Osteogenesis imperfecta is an inherited disorder of type I collagen characterized by low bone mass, bone fragility, and fractures with minimal or no trauma. Treatment for the disorder is largely supportive, but recently bisphosphonate therapy has been employed in an attempt to increase bone mineral density and potentially reduce fracture incidence in affected individuals. We have included eight randomised trials, some placebo-controlled, some with a cross-over trial design, or both, in our review.

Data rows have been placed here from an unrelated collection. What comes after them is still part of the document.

lemma zero_of_order_times_power:
  assumes "g \<in> exp_poly" "u \<in> exp_poly" "u a = 0" "g a \<noteq> 0" "vector_derivative u (at a) \<noteq> 0"
  shows "zero_of_order (\<lambda>x. g x * u x ^ k) a k"
  using higher_deriv_times_power_at_zero[OF assms(1-3), of k] assms(4,5)
  unfolding zero_of_order_def by simp

lemma exp_ne_1_swap:
  fixes w :: complex
  assumes "exp (w * of_real (b - a)) \<noteq> 1"
  shows "exp (w * of_real (a - b)) \<noteq> 1"
proof
  assume "exp (w * of_real (a - b)) = 1"
  then have "exp (- (w * of_real (a - b))) = 1" by (simp add: exp_minus)
  moreover have "- (w * of_real (a - b)) = w * of_real (b - a)" by (simp add: algebra_simps)
  ultimately show False using assms by simp
qed

text \<open>Near \<open>a\<close> the Bernstein function is \<open>g U^k\<close> with \<open>g(a) = 1/(k! \<omega>^k)\<close> and \<open>U'(a) = \<omega>\<close>.\<close>
lemma bernstein_exp_at_a:
  assumes "w \<noteq> 0" and "exp (w * of_real (a - b)) \<noteq> 1"
  shows "zero_of_order (bernstein_exp l0 w a b n k) a k"
    and "higher_deriv k (bernstein_exp l0 w a b n k) a = 1"
proof -
  define U where "U = (\<lambda>x. exp (w * of_real (x - a)) - 1)"
  define g where "g = (\<lambda>x. exp (l0 * of_real (x - a)) / (of_nat (fact k) * w ^ k)
                      * ((1 - exp (w * of_real (x - b))) / (1 - exp (w * of_real (a - b)))) ^ (n - k))"
  have eq: "bernstein_exp l0 w a b n k = (\<lambda>x. g x * U x ^ k)"
    unfolding bernstein_exp_def g_def U_def by (rule ext) (simp add: ac_simps)
  have U: "U \<in> exp_poly" unfolding U_def
    by (intro exp_poly_divide_const exp_poly_diff exp_poly_const exp_poly_exp_shift)
  have g: "g \<in> exp_poly" unfolding g_def
    by (intro exp_poly_mult exp_poly_power exp_poly_divide_const exp_poly_diff exp_poly_const
        exp_poly_exp_shift)
  have Ua: "U a = 0" and ga: "g a = 1 / (of_nat (fact k) * w ^ k)"
    using assms(2) by (simp_all add: U_def g_def)
  have dU: "vector_derivative U (at a) = w"
    using has_vector_derivative_U[of w a a] unfolding U_def[symmetric] by (simp add: vector_derivative_at)
  show "zero_of_order (bernstein_exp l0 w a b n k) a k"
    unfolding eq using zero_of_order_times_power[OF g U Ua] ga dU assms(1) by simp
  show "higher_deriv k (bernstein_exp l0 w a b n k) a = 1"
    unfolding eq using higher_deriv_times_power_at_zero[OF g U Ua, of k] ga dU assms(1) by simp
qed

Four trials report decreased fractures in some instances in those treated with bisphosphonates; however no significant difference was found in three other trials. Another trial demonstrated decreased vertebral and upper extremity but not lower extremity fractures. Each trial independently demonstrates significant improvements in bone mineral density after treatment with oral or intravenous bisphosphonates. Fracture incidence, bone pain, growth and quality of life indicators influenced by treatment with bisphosphonates warrant further investigation. Further investigation is needed to establish whether the improvements in bone mineral density translate into fracture reduction and functional improvements and to determine the long-term effectiveness and safety of their use.